His pass completion rate lay at 92% with plenty of those raking balls out to the channels that his compatriot David Luiz specialises in. Remove those more risky attempts from the equation and he completed 133 of 137 passes against West Ham and Portsmouth.

Therein lies the caveat; Arteta is still yet to see what Mari can do against top tier opposition with the Hammers hovering above the drop zone into the Championship and Portsmouth battling in League One. A return to Manchester City looked destined to be the first occasion where the 26-year-old could be truly assessed but that was the first game in England to fall foul of the coronavirus pandemic.

Yet Mari ought not to abandon hope. There is certain to be plenty of churn in Arsenal’s centre-back corps over the coming months and, with little money to spend, the £8million purchase clause seems an easy, affordable option at a time when investing heavily is out of the Gunners reach.

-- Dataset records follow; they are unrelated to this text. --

lemma finite_terminal_vertices: "finite (terminal_vertices n G)"
  unfolding terminal_vertices_def by simp

lemma finite_isolated_vertices: "finite (isolated_vertices n G)"
  unfolding isolated_vertices_def by (simp add: finite_initial_vertices)

lemma card_isolated_vertices_le:
  "card (isolated_vertices n G) \<le> min (card (initial_vertices n G)) (card (terminal_vertices n G))"
  unfolding isolated_vertices_def
  by (simp add: card_mono finite_initial_vertices finite_terminal_vertices)

lemma set_pmf_run: "set_pmf (run n x y k G) \<subseteq> {G'. G \<subseteq> G' \<and> G' \<subseteq> G \<union> pairs n}"
proof (induction k arbitrary: G)
  case 0
  then show ?case by simp
next
  case (Suc k)
  have "allowed n x y G \<subseteq> pairs n - G" "finite (allowed n x y G)"
    unfolding allowed_def using finite_pairs by auto
  then show ?case
    using Suc.IH by (auto simp: set_bind_pmf) blast+
qed

definition unconstrained :: "nat \<Rightarrow> nat \<Rightarrow> nat \<Rightarrow> (nat \<times> nat) set \<Rightarrow> bool" where
  "unconstrained n x y G \<longleftrightarrow> x < card (initial_vertices n G) \<and> y < card (terminal_vertices n G)"

lemma unconstrained_allowed:
  assumes "unconstrained n x y G"
  shows "allowed n x y G = pairs n - G"
proof -
  have "x \<le> card (initial_vertices n (insert e G)) \<and> y \<le> card (terminal_vertices n (insert e G))" for e
  proof -
    obtain a b where e: "e = (a, b)" by force
    have "card (initial_vertices n G) - 1 \<le> card (initial_vertices n G - {b})"
      "card (terminal_vertices n G) - 1 \<le> card (terminal_vertices n G - {a})"
      using diff_card_le_card_Diff[of "{b}" "initial_vertices n G"]
        diff_card_le_card_Diff[of "{a}" "terminal_vertices n G"] by simp_all
    then show ?thesis
      using assms unfolding e initial_vertices_insert terminal_vertices_insert unconstrained_def
      by linarith
  qed
  then show ?thesis unfolding allowed_def by auto
qed

lemma unconstrained_not_complete:
  assumes "0 < x" "unconstrained n x y G"
  shows "pairs n - G \<noteq> {}"
proof
  assume "pairs n - G = {}"
  then have "(1, v) \<in> G" if "1 < v" "v \<le> n" for v
    using that unfolding pairs_def by auto
  then have "initial_vertices n G \<subseteq> {1}"
    unfolding initial_vertices_def by (auto simp: le_eq_less_or_eq)
  then have "card (initial_vertices n G) \<le> 1"
    using card_mono[of "{1::nat}"] by fastforce
  then show False using assms unfolding unconstrained_def by simp
qed

lemma run_Suc_unconstrained:
  assumes "0 < x" "unconstrained n x y G"
  shows "run n x y (Suc k) G = pmf_of_set (pairs n - G) \<bind> (\<lambda>e. run n x y k (insert e G))"
proof -
  have "\<not> is_tdg n x y G"
    using assms(2) unfolding is_tdg_def unconstrained_def by auto
  then show ?thesis
    using unconstrained_allowed[OF assms(2)] unconstrained_not_complete[OF assms] by simp
qed

lemma finite_set_pmf_run:
  assumes "G \<subseteq> pairs n"
  shows "finite (set_pmf (run n x y k G))"
proof (rule finite_subset)
  show "set_pmf (run n x y k G) \<subseteq> Pow (pairs n)"
    using set_pmf_run[of n x y k G] assms by blast
qed (simp add: finite_pairs)

lemma expectation_run_le_antimono:
  fixes F :: "(nat \<times> nat) set \<Rightarrow> real"
  assumes "G \<subseteq> pairs n" and "\<And>G'. G \<subseteq> G' \<Longrightarrow> G' \<subseteq> pairs n \<Longrightarrow> F G' \<le> F G"
  shows "measure_pmf.expectation (run n x y k G) F \<le> F G"
proof (rule measure_pmf.integral_le_const)
  show "integrable (measure_pmf (run n x y k G)) F"
    using finite_set_pmf_run[OF assms(1)] by (rule integrable_measure_pmf_finite)
  show "AE G' in measure_pmf (run n x y k G). F G' \<le> F G"
    unfolding AE_measure_pmf_iff using assms set_pmf_run[of n x y k G] by blast
qed

lemma expectation_run_le_potential:
  fixes F \<Phi> :: "(nat \<times> nat) set \<Rightarrow> real"
  assumes "0 < x"
    and F_antimono: "\<And>G G'. G \<subseteq> G' \<Longrightarrow> G' \<subseteq> pairs n \<Longrightarrow> F G' \<le> F G"
    and potential: "\<And>G. G \<subseteq> pairs n \<Longrightarrow> F G \<le> \<Phi> G \<or> unconstrained n x y G \<and>
          (\<Sum>e\<in>pairs n - G. \<Phi> (insert e G)) \<le> real (card (pairs n - G)) * \<Phi> G"
  shows "G \<subseteq> pairs n \<Longrightarrow> card (pairs n) \<le> k + card G \<Longrightarrow>
    measure_pmf.expectation (run n x y k G) F \<le> \<Phi> G"
proof (induction k arbitrary: G)
  case 0
  then have "G = pairs n"
    using card_seteq[OF finite_pairs] by simp
  then have "\<not> unconstrained n x y G"
    using unconstrained_not_complete[OF \<open>0 < x\<close>] by blast
  then have "F G \<le> \<Phi> G"
    using potential[OF 0(1)] by blast
  moreover have "measure_pmf.expectation (run n x y 0 G) F \<le> F G"
    using 0(1) F_antimono by (rule expectation_run_le_antimono)
  ultimately show ?case by linarith
next
  case (Suc k)
  from potential[OF Suc.prems(1)] show ?case
  proof (elim disjE conjE)
    assume "F G \<le> \<Phi> G"
    moreover have "measure_pmf.expectation (run n x y (Suc k) G) F \<le> F G"
      using Suc.prems(1) F_antimono by (rule expectation_run_le_antimono)
    ultimately show ?thesis by linarith
  next
    assume unc: "unconstrained n x y G"
      and sum: "(\<Sum>e\<in>pairs n - G. \<Phi> (insert e G)) \<le> real (card (pairs n - G)) * \<Phi> G"
    let ?A = "pairs n - G"
    have A: "?A \<noteq> {}" "finite ?A"
      using unconstrained_not_complete[OF \<open>0 < x\<close> unc] finite_pairs by auto
    have "finite G"
      using Suc.prems(1) finite_pairs finite_subset by blast
    have IH: "measure_pmf.expectation (run n x y k (insert e G)) F \<le> \<Phi> (insert e G)"
      if "e \<in> ?A" for e
      using that Suc.prems \<open>finite G\<close> by (intro Suc.IH) auto
    have "measure_pmf.expectation (run n x y (Suc k) G) F
        = (\<Sum>e\<in>?A. measure_pmf.expectation (run n x y k (insert e G)) F / real (card ?A))"
      unfolding run_Suc_unconstrained[OF \<open>0 < x\<close> unc] using A Suc.prems(1)
      by (subst pmf_expectation_bind_pmf_of_set) (auto simp: finite_set_pmf_run divide_inverse_commute)
    also have "\<dots> \<le> (\<Sum>e\<in>?A. \<Phi> (insert e G) / real (card ?A))"
      by (intro sum_mono divide_right_mono IH) simp_all
    also have "\<dots> = (\<Sum>e\<in>?A. \<Phi> (insert e G)) / real (card ?A)"
      by (simp add: sum_divide_distrib)
    also have "\<dots> \<le> \<Phi> G"
      using sum A by (simp add: divide_le_eq card_gt_0_iff mult.commute)
    finally show ?thesis .
  qed
qed

definition incident_pairs :: "nat \<Rightarrow> nat \<Rightarrow> (nat \<times> nat) set" where
  "incident_pairs n v = {e \<in> pairs n. fst e = v \<or> snd e = v}"

lemma card_incident_pairs:
  assumes "v \<in> {1..n}"
  shows "card (incident_pairs n v) = n - 1"
proof -
  have "incident_pairs n v = (\<lambda>a. (a, v)) ` {1..<v} \<union> (\<lambda>b. (v, b)) ` {v<..n}"
    using assms unfolding incident_pairs_def pairs_def by auto
  moreover have "(\<lambda>a. (a, v)) ` {1..<v} \<inter> (\<lambda>b. (v, b)) ` {v<..n} = {}"
    by auto
  ultimately have "card (incident_pairs n v) = (v - 1) + (n - v)"
    by (simp add: card_Un_disjoint card_image inj_on_def)
  then show ?thesis
    using assms by auto
qed

lemma sum_card_isolated_vertices_insert:
  assumes "G \<subseteq> pairs n"
  shows "(\<Sum>e\<in>pairs n - G. real (card (isolated_vertices n (insert e G))))
       = real (card (isolated_vertices n G)) * (real (card (pairs n - G)) - real (n - 1))"
proof -
  let ?A = "pairs n - G" and ?I = "isolated_vertices n G"
  let ?avoids = "\<lambda>e v. if e \<notin> incident_pairs n v then 1 else 0 :: real"
  have "finite ?A"
    using finite_pairs by simp
  have count_vertices: "real (card (isolated_vertices n (insert e G))) = (\<Sum>v\<in>?I. ?avoids e v)"
    if "e \<in> ?A" for e
  proof -
    obtain a b where e: "e = (a, b)" by force
    have "isolated_vertices n (insert e G) = {v \<in> ?I. e \<notin> incident_pairs n v}"
      using that unfolding e isolated_vertices_insert incident_pairs_def by auto
    then show ?thesis
      using finite_isolated_vertices[of n G] by (simp add: sum.If_cases Int_def)
  qed
  have count_edges: "(\<Sum>e\<in>?A. ?avoids e v) = real (card ?A) - real (n - 1)"
    if v: "v \<in> ?I" for v
  proof -
    have incident: "incident_pairs n v \<subseteq> ?A"
      using v assms unfolding incident_pairs_def isolated_vertices_def initial_vertices_def
        terminal_vertices_def by force
    have "v \<in> {1..n}"
      using v unfolding isolated_vertices_def initial_vertices_def by auto
    then have "card (incident_pairs n v) = n - 1"
      by (rule card_incident_pairs)
    moreover have "card (incident_pairs n v) \<le> card ?A"
      using \<open>finite ?A\<close> incident by (rule card_mono)
    moreover have "(\<Sum>e\<in>?A. ?avoids e v) = real (card (?A - incident_pairs n v))"
      using \<open>finite ?A\<close> by (simp add: sum.If_cases Diff_eq Compl_eq)
    ultimately show ?thesis
      using incident \<open>finite ?A\<close> by (simp add: card_Diff_subset finite_subset of_nat_diff)
  qed
  have "(\<Sum>e\<in>?A. real (card (isolated_vertices n (insert e G)))) = (\<Sum>e\<in>?A. \<Sum>v\<in>?I. ?avoids e v)"
    using count_vertices by (rule sum.cong[OF refl])
  also have "\<dots> = (\<Sum>v\<in>?I. \<Sum>e\<in>?A. ?avoids e v)"
    by (rule sum.swap)
  also have "\<dots> = (\<Sum>v\<in>?I. real (card ?A) - real (n - 1))"
    using count_edges by (rule sum.cong[OF refl])
  finally show ?thesis
    by simp
qed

Shkodran Mustafi is set to be made available this summer, as he enters the last year of his contract. Sokratis Papastathopoulos also indicated in March, on the night Mari made his debut, that he will not see out the remainder of his deal through to 2021 if he feels he is no longer wanted at Arsenal. Notably both Mari and Mustafi seem to have jumped ahead of him in the pecking order.

William Saliba will be added to the first team once the 2020/21 season is underway but will need time to build the fitness and physicality required for the Premier League. Mari has already had a headstart of three months.

Mari has never made a secret of his desire to join Arsenal and, at a time when higher grade purchases are out of reach, it would seem that there is no reason for the Gunners not to fulfill his wish.